Wisconsin bet can’t use profane description on ballot
MADISON, Wisconsin (AP) – A legislative candidate from Wisconsin can’t use a profane, racially charged phrase to describe herself on the ballot, an election oversight board decided Wednesday.
Ieshuh Griffin, an independent running for a downtown Milwaukee seat in the state Assembly, wants to use the phrase, “NOT the ‘whiteman’s b----.’”
But the state’s Government Accountability Board voted to bar that wording, agreeing with a staff recommendation that it is pejorative and therefore not allowed.
State law allows independent candidates to have five words describing themselves placed after their names on the ballot as long as it’s not pejorative, profane, discriminatory or includes an obscene word or phrase.
Griffin, who is black, argued her case to the five white, retired judges on the board that regulates elections.

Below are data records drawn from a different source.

(* Let $D\in\mathbb{D}^n_+$, $W\in\mathbb{R}^{n\times n}$, $u\in\mathbb{R}^n$, $A:=W-D$, and $\mathcal X=\{x\in\mathbb{R}^n: Dx\in[0,1]^n\}$. (i) A point $x\in\mathcal X$ is an equilibrium of the hard-selector inclusion $x'\in-Dx+\mathcal H(Ax+u)$ (i.e. $0\in-Dx+\mathcal H(Ax+u)$) if and only if it is an equilibrium of the linear-threshold network $\dot x=-Dx+[Wx+u]_0^1$; consequently all members of the family $\dot x=\frac1\tau\left(-Dx+[Dx+\tau(Ax+u)]_0^1\right)$, $\tau>0$, the projected dynamical system $\dot x=\Pi_{\mathcal X}(x,Ax+u)$, and the hard-selector inclusion share the same equilibria in $\mathcal X$. (ii) If $A$ is Lyapunov diagonally stable, the hard-selector inclusion admits a unique equilibrium.
   Context: $\mathbb{D}^n_+$ is the set of positive diagonal matrices; $[z]_0^1=\max(0,\min(z,1))$ elementwise. $h(z)=\{0\}$ if $z<0$, $[0,1]$ if $z=0$, $\{1\}$ if $z>0$, and $\mathcal H(x)=h(x_1)\times\cdots\times h(x_n)$. $\Pi_{\mathcal X}(x,v)$ is the Euclidean projection of $v$ onto the tangent cone of $\mathcal X$ at $x$. A matrix $M$ is Lyapunov diagonally stable if $M^\top\Lambda+\Lambda M\prec0$ for some $\Lambda\in\mathbb{D}^n_+$. *)

theory Defs
  imports "HOL-Analysis.Analysis"
begin

definition pos_diag :: "real^'n^'n \<Rightarrow> bool" where
  "pos_diag D \<longleftrightarrow> (\<forall>i j. i \<noteq> j \<longrightarrow> D $ i $ j = 0) \<and> (\<forall>i. D $ i $ i > 0)"

definition clip01 :: "real^'n \<Rightarrow> real^'n" where
  "clip01 z = (\<chi> i. max 0 (min (z $ i) 1))"

definition hsel :: "real \<Rightarrow> real set" where
  "hsel z = (if z < 0 then {0} else if z = 0 then {0..1} else {1})"

definition Hsel :: "real^'n \<Rightarrow> (real^'n) set" where
  "Hsel x = {y. \<forall>i. y $ i \<in> hsel (x $ i)}"

definition tangent_cone :: "'a::real_normed_vector set \<Rightarrow> 'a \<Rightarrow> 'a set" where
  "tangent_cone S x = closure {c *\<^sub>R (y - x) | c y. c \<ge> 0 \<and> y \<in> S}"

definition proj_tangent :: "'a::euclidean_space set \<Rightarrow> 'a \<Rightarrow> 'a \<Rightarrow> 'a" where
  "proj_tangent S x v = closest_point (tangent_cone S x) v"

definition lyap_diag_stable :: "real^'n^'n \<Rightarrow> bool" where
  "lyap_diag_stable M \<longleftrightarrow> (\<exists>L. pos_diag L \<and>
      (\<forall>z. z \<noteq> 0 \<longrightarrow> z \<bullet> ((transpose M ** L + L ** M) *v z) < 0))"

end

theory Submission
  imports Defs
begin

(* Every equilibrium notion reduces to the componentwise inclusion (D x)_i in h((A x + u)_i).
   For the clipped dynamics, d is a fixed point of d |-> [d + tau a]_0^1 exactly when d in h(a);
   for the projected dynamics, the projection onto the tangent cone vanishes exactly when A x + u
   lies in the normal cone of X at x, and d in h(a) says precisely that a is normal to [0,1] at d.
   An equilibrium exists by Brouwer's theorem for x |-> D^-1 [D x + A x + u]_0^1 on the box
   D^-1 [0,1]^n.  Since h is monotone, two equilibria with difference z satisfy z_i (A z)_i >= 0
   for all i, so z' (A' Lambda + Lambda A) z >= 0 for every positive diagonal Lambda, which
   Lyapunov diagonal stability only allows for z = 0. *)

lemma zero_in_translate_image_iff:
  fixes a :: "'a::group_add"
  shows "0 \<in> (\<lambda>y. - a + y) ` S \<longleftrightarrow> a \<in> S"
proof -
  have "- a + y = 0 \<longleftrightarrow> y = a" for y
    by (metis add.left_inverse add_minus_cancel)
  then show ?thesis by (auto simp: image_iff)
qed

lemma pos_diag_mult_vec:
  assumes "pos_diag D"
  shows "(D *v x) $ i = D $ i $ i * x $ i"
proof -
  have "(D *v x) $ i = (\<Sum>j\<in>UNIV. D $ i $ j * x $ j)"
    by (simp add: matrix_vector_mult_def)
  also have "\<dots> = (\<Sum>j\<in>UNIV. if j = i then D $ i $ i * x $ i else 0)"
    by (rule sum.cong) (use assms in \<open>auto simp: pos_diag_def\<close>)
  finally show ?thesis by simp
qed

lemma pos_diag_pos: "pos_diag D \<Longrightarrow> D $ i $ i > 0"
  by (simp add: pos_diag_def)

lemma clip_fixed_iff_hsel:
  fixes d a t :: real
  assumes "t > 0"
  shows "max 0 (min (d + t * a) 1) = d \<longleftrightarrow> d \<in> hsel a"
proof -
  have "t * a < 0 \<longleftrightarrow> a < 0" "t * a > 0 \<longleftrightarrow> a > 0"
    using assms by (simp_all add: mult_less_0_iff zero_less_mult_iff)
  then show ?thesis by (auto simp: hsel_def)
qed

lemma clip01_fixed_iff_Hsel:
  assumes "t > 0"
  shows "clip01 (d + t *\<^sub>R a) = d \<longleftrightarrow> d \<in> Hsel a"
  using clip_fixed_iff_hsel[OF assms] by (simp add: clip01_def Hsel_def vec_eq_iff)

lemma hsel_iff_normal_cone:
  fixes a d :: real
  shows "d \<in> hsel a \<longleftrightarrow> d \<in> {0..1} \<and> (\<forall>e\<in>{0..1}. a * (e - d) \<le> 0)"
proof
  assume "d \<in> hsel a"
  then show "d \<in> {0..1} \<and> (\<forall>e\<in>{0..1}. a * (e - d) \<le> 0)"
    by (auto simp: hsel_def mult_nonpos_nonneg mult_nonneg_nonpos split: if_splits)
next
  assume d: "d \<in> {0..1} \<and> (\<forall>e\<in>{0..1}. a * (e - d) \<le> 0)"
  have "0 \<in> {0..1::real}" "1 \<in> {0..1::real}" by simp_all
  with d have "a * (1 - d) \<le> 0" "a * (0 - d) \<le> 0" by blast+
  with d show "d \<in> hsel a"
    by (auto simp: hsel_def mult_le_0_iff zero_le_mult_iff)
qed

lemma hsel_monotone:
  "d \<in> hsel a \<Longrightarrow> e \<in> hsel b \<Longrightarrow> 0 \<le> (d - e) * (a - b)"
  by (auto simp: hsel_def zero_le_mult_iff split: if_splits)

lemma closest_point_cone_eq_0_iff:
  fixes T :: "'a::euclidean_space set"
  assumes "closed T" "cone T" "0 \<in> T"
  shows "closest_point T v = 0 \<longleftrightarrow> (\<forall>t\<in>T. v \<bullet> t \<le> 0)"
proof
  assume p0: "closest_point T v = 0"
  show "\<forall>t\<in>T. v \<bullet> t \<le> 0"
  proof (rule ccontr)
    assume "\<not> (\<forall>t\<in>T. v \<bullet> t \<le> 0)"
    then obtain t where "t \<in> T" "v \<bullet> t > 0" by auto
    then obtain c where "c > 0" and closer: "norm (c *\<^sub>R t - v) < norm v"
      using closer_points_lemma[of v t] by auto
    have "c *\<^sub>R t \<in> T" using \<open>cone T\<close> \<open>t \<in> T\<close> \<open>c > 0\<close> by (simp add: cone_def)
    then have "dist v 0 \<le> dist v (c *\<^sub>R t)"
      using closest_point_le[OF \<open>closed T\<close>] p0 by metis
    with closer show False by (simp add: dist_norm norm_minus_commute)
  qed
next
  assume polar: "\<forall>t\<in>T. v \<bullet> t \<le> 0"
  define p where "p = closest_point T v"
  have "p \<in> T" unfolding p_def using assms closest_point_in_set by blast
  have "norm (v - p) \<le> norm v"
    using closest_point_le[OF \<open>closed T\<close> \<open>0 \<in> T\<close>] by (simp add: p_def dist_norm)
  then have "(v - p) \<bullet> (v - p) \<le> v \<bullet> v"
    by (simp add: norm_le)
  moreover have "v \<bullet> p \<le> 0" using polar \<open>p \<in> T\<close> by blast
  ultimately have "p \<bullet> p \<le> 0"
    by (simp add: inner_diff_left inner_diff_right inner_commute[of p v])
  then show "closest_point T v = 0"
    by (metis inner_eq_zero_iff inner_ge_zero order_antisym p_def)
qed

lemma proj_tangent_eq_0_iff:
  fixes S :: "'a::euclidean_space set"
  assumes "x \<in> S"
  shows "proj_tangent S x v = 0 \<longleftrightarrow> (\<forall>y\<in>S. v \<bullet> (y - x) \<le> 0)"
proof -
  define C where "C = {c *\<^sub>R (y - x) | c y. c \<ge> 0 \<and> y \<in> S}"
  have "cone C"
    unfolding cone_def C_def by (auto intro!: exI[of _ "_ * _"])
  moreover have "0 \<in> C"
    unfolding C_def using assms by force
  ultimately have "proj_tangent S x v = 0 \<longleftrightarrow> (\<forall>t\<in>closure C. v \<bullet> t \<le> 0)"
    unfolding proj_tangent_def tangent_cone_def C_def[symmetric]
    by (intro closest_point_cone_eq_0_iff cone_closure) (use closure_subset in auto)
  also have "\<dots> \<longleftrightarrow> (\<forall>t\<in>C. v \<bullet> t \<le> 0)"
    using closure_minimal[OF _ closed_halfspace_le, of C v] closure_subset by blast
  also have "\<dots> \<longleftrightarrow> (\<forall>y\<in>S. v \<bullet> (y - x) \<le> 0)"
  proof
    assume "\<forall>t\<in>C. v \<bullet> t \<le> 0"
    moreover have "y - x \<in> C" if "y \<in> S" for y
      unfolding C_def using that by (metis (mono_tags, lifting) mem_Collect_eq scaleR_one zero_le_one)
    ultimately show "\<forall>y\<in>S. v \<bullet> (y - x) \<le> 0" by blast
  qed (auto simp: C_def mult_nonneg_nonpos)
  finally show ?thesis .
qed

lemma pos_diag_normal_cone_iff_Hsel:
  fixes D :: "real^'n^'n"
  assumes D: "pos_diag D"
  defines "X \<equiv> {x. \<forall>i. 0 \<le> (D *v x) $ i \<and> (D *v x) $ i \<le> 1}"
  assumes "x \<in> X"
  shows "(\<forall>y\<in>X. v \<bullet> (y - x) \<le> 0) \<longleftrightarrow> D *v x \<in> Hsel v"
proof
  assume normal: "\<forall>y\<in>X. v \<bullet> (y - x) \<le> 0"
  have "(D *v x) $ i \<in> hsel (v $ i)" for i
    unfolding hsel_iff_normal_cone
  proof (intro conjI ballI)
    show "(D *v x) $ i \<in> {0..1}" using \<open>x \<in> X\<close> by (simp add: X_def)
    fix e :: real assume "e \<in> {0..1}"
    define s where "s = (e - (D *v x) $ i) / D $ i $ i"
    define y where "y = x + s *\<^sub>R axis i 1"
    have "(D *v y) $ j = (if j = i then e else (D *v x) $ j)" for j
      using pos_diag_pos[OF D, of i]
      by (simp add: pos_diag_mult_vec[OF D] y_def s_def axis_def field_simps)
    then have "y \<in> X" using \<open>x \<in> X\<close> \<open>e \<in> {0..1}\<close> by (simp add: X_def)
    with normal have "s * v $ i \<le> 0" by (force simp: y_def inner_axis)
    then show "v $ i * (e - (D *v x) $ i) \<le> 0"
      using pos_diag_pos[OF D, of i] by (simp add: s_def mult.commute divide_le_0_iff)
  qed
  then show "D *v x \<in> Hsel v" by (simp add: Hsel_def)
next
  assume "D *v x \<in> Hsel v"
  show "\<forall>y\<in>X. v \<bullet> (y - x) \<le> 0"
  proof
    fix y assume "y \<in> X"
    have "v \<bullet> (y - x) = (\<Sum>i\<in>UNIV. v $ i * ((D *v y) $ i - (D *v x) $ i) / D $ i $ i)"
      unfolding inner_vec_def using pos_diag_pos[OF D, THEN less_imp_neq]
      by (intro sum.cong refl) (simp add: pos_diag_mult_vec[OF D] field_simps)
    also have "\<dots> \<le> 0"
    proof (intro sum_nonpos divide_nonpos_pos)
      fix i
      show "v $ i * ((D *v y) $ i - (D *v x) $ i) \<le> 0"
        using \<open>D *v x \<in> Hsel v\<close> \<open>y \<in> X\<close> by (simp add: Hsel_def hsel_iff_normal_cone X_def)
    qed (rule pos_diag_pos[OF D])
    finally show "v \<bullet> (y - x) \<le> 0" .
  qed
qed

lemma Hsel_equilibrium_exists:
  fixes D A :: "real^'n^'n"
  assumes D: "pos_diag D"
  shows "\<exists>x. D *v x \<in> Hsel (A *v x + u)"
proof -
  define S where "S = cbox (0::real^'n) (\<chi> i. 1 / D $ i $ i)"
  define f where "f x = (\<chi> i. max 0 (min ((D *v x + (A *v x + u)) $ i) 1) / D $ i $ i)" for x
  have "compact S" "convex S" by (simp_all add: S_def)
  moreover have "0 \<in> S"
    using pos_diag_pos[OF D] by (simp add: S_def mem_box_cart less_imp_le)
  then have "S \<noteq> {}" by blast
  moreover have "continuous_on S f"
    unfolding f_def using pos_diag_pos[OF D, THEN less_imp_neq]
    by (intro continuous_intros) auto
  moreover have "f \<in> S \<rightarrow> S"
    using pos_diag_pos[OF D]
    by (auto simp: S_def mem_box_cart f_def less_imp_le intro!: divide_right_mono)
  ultimately obtain x where "f x = x" by (rule brouwer)
  then have "clip01 (D *v x + 1 *\<^sub>R (A *v x + u)) = D *v x"
    using pos_diag_pos[OF D, THEN less_imp_neq]
    by (auto simp: vec_eq_iff f_def clip01_def pos_diag_mult_vec[OF D] field_simps)
  then show ?thesis using clip01_fixed_iff_Hsel[of 1] by auto
qed

lemma pos_diag_quadratic_form:
  fixes A L :: "real^'n^'n"
  assumes L: "pos_diag L"
  shows "z \<bullet> ((transpose A ** L + L ** A) *v z) = 2 * (\<Sum>i\<in>UNIV. L $ i $ i * z $ i * (A *v z) $ i)"
proof -
  have "z \<bullet> ((transpose A ** L) *v z) = (A *v z) \<bullet> (L *v z)"
    by (metis dot_lmul_matrix matrix_vector_mul_assoc vector_transpose_matrix)
  also have "\<dots> = (\<Sum>i\<in>UNIV. L $ i $ i * z $ i * (A *v z) $ i)"
    by (simp add: inner_vec_def pos_diag_mult_vec[OF L] algebra_simps)
  finally have transposed_part: "z \<bullet> ((transpose A ** L) *v z) = \<dots>" .
  have "z \<bullet> ((L ** A) *v z) = z \<bullet> (L *v (A *v z))"
    by (simp add: matrix_vector_mul_assoc)
  also have "\<dots> = (\<Sum>i\<in>UNIV. L $ i $ i * z $ i * (A *v z) $ i)"
    by (simp add: inner_vec_def pos_diag_mult_vec[OF L] algebra_simps)
  finally show ?thesis
    by (simp add: matrix_vector_mult_add_rdistrib inner_add_right transposed_part)
qed

lemma Hsel_equilibrium_unique:
  fixes D A :: "real^'n^'n"
  assumes D: "pos_diag D" and "lyap_diag_stable A"
    and x: "D *v x \<in> Hsel (A *v x + u)" and y: "D *v y \<in> Hsel (A *v y + u)"
  shows "x = y"
proof -
  obtain L where L: "pos_diag L"
    and neg: "\<And>z. z \<noteq> 0 \<Longrightarrow> z \<bullet> ((transpose A ** L + L ** A) *v z) < 0"
    using \<open>lyap_diag_stable A\<close> unfolding lyap_diag_stable_def by blast
  define z where "z = x - y"
  have "0 \<le> L $ i $ i * z $ i * (A *v z) $ i" for i
  proof -
    have "0 \<le> ((D *v x) $ i - (D *v y) $ i) * ((A *v x + u) $ i - (A *v y + u) $ i)"
      using x y by (intro hsel_monotone) (simp_all add: Hsel_def)
    also have "\<dots> = D $ i $ i * (z $ i * (A *v z) $ i)"
      by (simp add: z_def pos_diag_mult_vec[OF D] matrix_vector_mult_diff_distrib algebra_simps)
    finally have "0 \<le> z $ i * (A *v z) $ i"
      using pos_diag_pos[OF D, of i] by (simp add: zero_le_mult_iff)
    then show ?thesis
      using pos_diag_pos[OF L, of i] by (simp add: mult.assoc)
  qed
  then have "0 \<le> z \<bullet> ((transpose A ** L + L ** A) *v z)"
    unfolding pos_diag_quadratic_form[OF L] by (simp add: sum_nonneg)
  then show "x = y" using neg[of z] by (force simp: z_def)
qed

theorem proposition7:
  fixes D W :: "real^'n^'n" and u :: "real^'n"
  assumes "pos_diag D"
  defines "A \<equiv> W - D"
    and "X \<equiv> {x :: real^'n. \<forall>i. 0 \<le> (D *v x) $ i \<and> (D *v x) $ i \<le> 1}"
  shows "(\<forall>x\<in>X. (0 \<in> (\<lambda>y. - (D *v x) + y) ` Hsel (A *v x + u))
                 \<longleftrightarrow> 0 = - (D *v x) + clip01 (W *v x + u))
       \<and> (\<forall>x\<in>X. \<forall>\<tau>::real. \<tau> > 0 \<longrightarrow>
              ((0 = (1 / \<tau>) *\<^sub>R (- (D *v x) + clip01 (D *v x + \<tau> *\<^sub>R (A *v x + u))))
                 \<longleftrightarrow> 0 \<in> (\<lambda>y. - (D *v x) + y) ` Hsel (A *v x + u)))
       \<and> (\<forall>x\<in>X. (proj_tangent X x (A *v x + u) = 0)
                 \<longleftrightarrow> 0 \<in> (\<lambda>y. - (D *v x) + y) ` Hsel (A *v x + u))
       \<and> (lyap_diag_stable A \<longrightarrow>
              (\<exists>!x. 0 \<in> (\<lambda>y. - (D *v x) + y) ` Hsel (A *v x + u)))"
proof -
  have clip_equilibrium_iff:
    "0 = - (D *v x) + clip01 (D *v x + \<tau> *\<^sub>R v) \<longleftrightarrow> D *v x \<in> Hsel v"
    if "\<tau> > 0" for x v :: "real^'n" and \<tau> :: real
    using clip01_fixed_iff_Hsel[OF that] by (auto simp: eq_neg_iff_add_eq_0)
  have rescale: "0 = (1 / \<tau>) *\<^sub>R w \<longleftrightarrow> 0 = w" if "\<tau> > 0" for \<tau> and w :: "real^'n"
    using that by auto
  have W_eq: "W *v x + u = D *v x + 1 *\<^sub>R (A *v x + u)" for x
    by (simp add: A_def matrix_vector_mult_diff_rdistrib)
  have proj_iff: "proj_tangent X x v = 0 \<longleftrightarrow> D *v x \<in> Hsel v" if "x \<in> X" for x v
    using proj_tangent_eq_0_iff[OF that] pos_diag_normal_cone_iff_Hsel[OF assms(1)] that
    unfolding X_def by blast
  have "lyap_diag_stable A \<Longrightarrow> \<exists>!x. D *v x \<in> Hsel (A *v x + u)"
    using Hsel_equilibrium_exists[OF assms(1)] Hsel_equilibrium_unique[OF assms(1)] by blast
  then show ?thesis
    unfolding zero_in_translate_image_iff W_eq
    by (intro conjI ballI allI impI)
      (simp_all only: clip_equilibrium_iff rescale proj_iff zero_less_one)
qed

end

She said the phrase was protected free speech.
“It’s a freedom of expression,” she said. “It’s not racial. It’s not a slur.”
She convinced three of the judges that the wording should be allowed, but two said it should not. One judge was absent, and Griffin needed four votes to succeed. Griffin said she intends to seek an injunction in federal court.
Board member Thomas Cane, a retired state appeals court judge, said he didn’t find the wording to be “particularly offensive.”
Fellow board member Thomas Barland, who spent 33 years as a circuit court judge in Eau Claire, agreed.
“She says a lot in five words,” he said. “It wasn’t pornographic, it wasn’t obscene and I didn’t interpret it as racial.”
Judge Gordon Myse, the board chairman, cast the third vote in favor of Griffin.
“Isn’t she saying, ‘I’m not under the white man’s direction? I’m independent of that.’ Isn’t that what she’s saying?” Myse said.